Extracted records
____

lemma kernel_projection_matrix:
  fixes S :: "real^'n^'n"
  assumes symS: "transpose S = S"
  obtains Q :: "real^'n^'n"
  where "transpose Q = Q" "S ** Q = 0" "Q ** S = 0" "Q ** Q = Q" "invertible (S + Q)"
proof -
  let ?K = "{x. S *v x = 0}"
  have K: "subspace ?K"
    by (auto simp: subspace_def matrix_vector_right_distrib matrix_vector_mult_scaleR)
  obtain Q where symQ: "transpose Q = Q" and range: "\<And>x. Q *v x \<in> ?K"
    and Q_id: "\<And>x. x \<in> ?K \<Longrightarrow> Q *v x = x"
    using orthogonal_projection_matrix[OF K] by blast
  have ker: "S *v (Q *v x) = 0" for x
    using range by simp
  have SQ: "S ** Q = 0"
    using ker by (simp add: matrix_eq flip: matrix_vector_mul_assoc)
  have "Q ** S = transpose (S ** Q)"
    using symS symQ by (simp add: matrix_transpose_mul)
  then have QS: "Q ** S = 0"
    using SQ by (simp add: transpose_def vec_eq_iff)
  have QQ: "Q ** Q = Q"
    using ker Q_id by (auto simp: matrix_eq simp flip: matrix_vector_mul_assoc)
  have "x = 0" if "(S + Q) *v x = 0" for x
  proof -
    have "Q ** (S + Q) = Q"
      by (simp add: matrix_add_ldistrib QS QQ)
    then have "Q *v x = 0"
      using arg_cong[OF that, of "(*v) Q"] by (simp add: matrix_vector_mul_assoc)
    then show ?thesis
      using that Q_id by (simp add: matrix_vector_mult_add_rdistrib)
  qed
  then have "invertible (S + Q)"
    by (simp add: invertible_left_inverse matrix_left_invertible_ker)
  with symQ SQ QS QQ show thesis
    using that by blast
qed

text \<open>With \<open>Q\<close> the orthogonal projection onto the kernel of \<open>S\<close>, the matrix \<open>(S + Q)\<inverse> - Q\<close>
  is the Moore--Penrose inverse of \<open>S\<close>.\<close>

lemma is_mp_pinv_exists_symmetric:
  fixes S :: "real^'n^'n"
  assumes "transpose S = S"
  shows "\<exists>B. is_mp_pinv S B"
proof -
  obtain Q where symQ: "transpose Q = Q" and SQ: "S ** Q = 0" and QS: "Q ** S = 0"
    and QQ: "Q ** Q = Q" and inv: "invertible (S + Q)"
    using kernel_projection_matrix[OF assms] by blast
  obtain N where MN: "(S + Q) ** N = mat 1" and NM: "N ** (S + Q) = mat 1"
    using inv by (auto simp: invertible_def)
  have NQ: "N ** Q = Q"
    using NM by (metis SQ QQ matrix_add_rdistrib add_0 matrix_mul_assoc matrix_mul_lid)
  have QN: "Q ** N = Q"
    using MN by (metis QS QQ matrix_add_ldistrib add_0 matrix_mul_assoc matrix_mul_rid)
  have "S ** N = (S + Q) ** N - Q ** N"
    by (simp add: matrix_add_rdistrib)
  then have SB: "S ** (N - Q) = mat 1 - Q"
    using MN QN SQ by (simp add: matrix_diff_ldistrib)
  have "N ** S = N ** (S + Q) - N ** Q"
    by (simp add: matrix_add_ldistrib)
  then have BS: "(N - Q) ** S = mat 1 - Q"
    using NM NQ QS by (simp add: matrix_diff_rdistrib)
  have "is_mp_pinv S (N - Q)"
    unfolding is_mp_pinv_def
  proof (intro conjI)
    show "S ** (N - Q) ** S = S"
      using SB QS by (simp add: matrix_diff_rdistrib)
    show "(N - Q) ** S ** (N - Q) = N - Q"
      using BS QN QQ by (simp add: matrix_diff_rdistrib matrix_diff_ldistrib)
    show "transpose (S ** (N - Q)) = S ** (N - Q)" "transpose ((N - Q) ** S) = (N - Q) ** S"
      using SB BS symQ by (simp_all add: transpose_diff)
  qed
  then show ?thesis ..
qed

lemma is_mp_pinv_mp_pinv_symmetric:
  fixes S :: "real^'n^'n"
  assumes "transpose S = S"
  shows "is_mp_pinv S (mp_pinv S)"
  using is_mp_pinv_exists_symmetric[OF assms] is_mp_pinv_mp_pinv by blast

lemma transpose_mp_pinv_symmetric:
  fixes S :: "real^'n^'n"
  assumes "transpose S = S"
  shows "transpose (mp_pinv S) = mp_pinv S"
  using is_mp_pinv_transpose[OF is_mp_pinv_mp_pinv_symmetric[OF assms]]
    is_mp_pinv_mp_pinv_symmetric[OF assms] assms is_mp_pinv_unique by metis

lemma inner_mp_pinv_quadratic_form:
  assumes "is_mp_pinv A B" and "transpose B = B"
  shows "(B *v h) \<bullet> (A *v (B *v h)) = (B *v h) \<bullet> h"
proof -
  have "h v* B = B *v h"
    using assms(2) transpose_matrix_vector[of B h] by simp
  then have "(B *v h) \<bullet> (A *v (B *v h)) = h \<bullet> (B *v (A *v (B *v h)))"
    by (metis dot_lmul_matrix)
  also have "\<dots> = h \<bullet> ((B ** A ** B) *v h)"
    by (simp add: matrix_vector_mul_assoc matrix_mul_assoc)
  also have "\<dots> = h \<bullet> (B *v h)"
    using assms(1) by (simp add: is_mp_pinv_def)
  also have "\<dots> = (B *v h) \<bullet> h"
    by (simp add: inner_commute)
  finally show ?thesis .
qed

____

## ABOUT THIS TASK:
Give back the data above exactly, so that every line matches.

## ANSWER BOX:
lemma kernel_projection_matrix:
  fixes S :: "real^'n^'n"
  assumes symS: "transpose S = S"
  obtains Q :: "real^'n^'n"
  where "transpose Q = Q" "S ** Q = 0" "Q ** S = 0" "Q ** Q = Q" "invertible (S + Q)"
proof -
  let ?K = "{x. S *v x = 0}"
  have K: "subspace ?K"
    by (auto simp: subspace_def matrix_vector_right_distrib matrix_vector_mult_scaleR)
  obtain Q where symQ: "transpose Q = Q" and range: "\<And>x. Q *v x \<in> ?K"
    and Q_id: "\<And>x. x \<in> ?K \<Longrightarrow> Q *v x = x"
    using orthogonal_projection_matrix[OF K] by blast
  have ker: "S *v (Q *v x) = 0" for x
    using range by simp
  have SQ: "S ** Q = 0"
    using ker by (simp add: matrix_eq flip: matrix_vector_mul_assoc)
  have "Q ** S = transpose (S ** Q)"
    using symS symQ by (simp add: matrix_transpose_mul)
  then have QS: "Q ** S = 0"
    using SQ by (simp add: transpose_def vec_eq_iff)
  have QQ: "Q ** Q = Q"
    using ker Q_id by (auto simp: matrix_eq simp flip: matrix_vector_mul_assoc)
  have "x = 0" if "(S + Q) *v x = 0" for x
  proof -
    have "Q ** (S + Q) = Q"
      by (simp add: matrix_add_ldistrib QS QQ)
    then have "Q *v x = 0"
      using arg_cong[OF that, of "(*v) Q"] by (simp add: matrix_vector_mul_assoc)
    then show ?thesis
      using that Q_id by (simp add: matrix_vector_mult_add_rdistrib)
  qed
  then have "invertible (S + Q)"
    by (simp add: invertible_left_inverse matrix_left_invertible_ker)
  with symQ SQ QS QQ show thesis
    using that by blast
qed

text \<open>With \<open>Q\<close> the orthogonal projection onto the kernel of \<open>S\<close>, the matrix \<open>(S + Q)\<inverse> - Q\<close>
  is the Moore--Penrose inverse of \<open>S\<close>.\<close>

lemma is_mp_pinv_exists_symmetric:
  fixes S :: "real^'n^'n"
  assumes "transpose S = S"
  shows "\<exists>B. is_mp_pinv S B"
proof -
  obtain Q where symQ: "transpose Q = Q" and SQ: "S ** Q = 0" and QS: "Q ** S = 0"
    and QQ: "Q ** Q = Q" and inv: "invertible (S + Q)"
    using kernel_projection_matrix[OF assms] by blast
  obtain N where MN: "(S + Q) ** N = mat 1" and NM: "N ** (S + Q) = mat 1"
    using inv by (auto simp: invertible_def)
  have NQ: "N ** Q = Q"
    using NM by (metis SQ QQ matrix_add_rdistrib add_0 matrix_mul_assoc matrix_mul_lid)
  have QN: "Q ** N = Q"
    using MN by (metis QS QQ matrix_add_ldistrib add_0 matrix_mul_assoc matrix_mul_rid)
  have "S ** N = (S + Q) ** N - Q ** N"
    by (simp add: matrix_add_rdistrib)
  then have SB: "S ** (N - Q) = mat 1 - Q"
    using MN QN SQ by (simp add: matrix_diff_ldistrib)
  have "N ** S = N ** (S + Q) - N ** Q"
    by (simp add: matrix_add_ldistrib)
  then have BS: "(N - Q) ** S = mat 1 - Q"
    using NM NQ QS by (simp add: matrix_diff_rdistrib)
  have "is_mp_pinv S (N - Q)"
    unfolding is_mp_pinv_def
  proof (intro conjI)
    show "S ** (N - Q) ** S = S"
      using SB QS by (simp add: matrix_diff_rdistrib)
    show "(N - Q) ** S ** (N - Q) = N - Q"
      using BS QN QQ by (simp add: matrix_diff_rdistrib matrix_diff_ldistrib)
    show "transpose (S ** (N - Q)) = S ** (N - Q)" "transpose ((N - Q) ** S) = (N - Q) ** S"
      using SB BS symQ by (simp_all add: transpose_diff)
  qed
  then show ?thesis ..
qed

lemma is_mp_pinv_mp_pinv_symmetric:
  fixes S :: "real^'n^'n"
  assumes "transpose S = S"
  shows "is_mp_pinv S (mp_pinv S)"
  using is_mp_pinv_exists_symmetric[OF assms] is_mp_pinv_mp_pinv by blast

lemma transpose_mp_pinv_symmetric:
  fixes S :: "real^'n^'n"
  assumes "transpose S = S"
  shows "transpose (mp_pinv S) = mp_pinv S"
  using is_mp_pinv_transpose[OF is_mp_pinv_mp_pinv_symmetric[OF assms]]
    is_mp_pinv_mp_pinv_symmetric[OF assms] assms is_mp_pinv_unique by metis

lemma inner_mp_pinv_quadratic_form:
  assumes "is_mp_pinv A B" and "transpose B = B"
  shows "(B *v h) \<bullet> (A *v (B *v h)) = (B *v h) \<bullet> h"
proof -
  have "h v* B = B *v h"
    using assms(2) transpose_matrix_vector[of B h] by simp
  then have "(B *v h) \<bullet> (A *v (B *v h)) = h \<bullet> (B *v (A *v (B *v h)))"
    by (metis dot_lmul_matrix)
  also have "\<dots> = h \<bullet> ((B ** A ** B) *v h)"
    by (simp add: matrix_vector_mul_assoc matrix_mul_assoc)
  also have "\<dots> = h \<bullet> (B *v h)"
    using assms(1) by (simp add: is_mp_pinv_def)
  also have "\<dots> = (B *v h) \<bullet> h"
    by (simp add: inner_commute)
  finally show ?thesis .
qed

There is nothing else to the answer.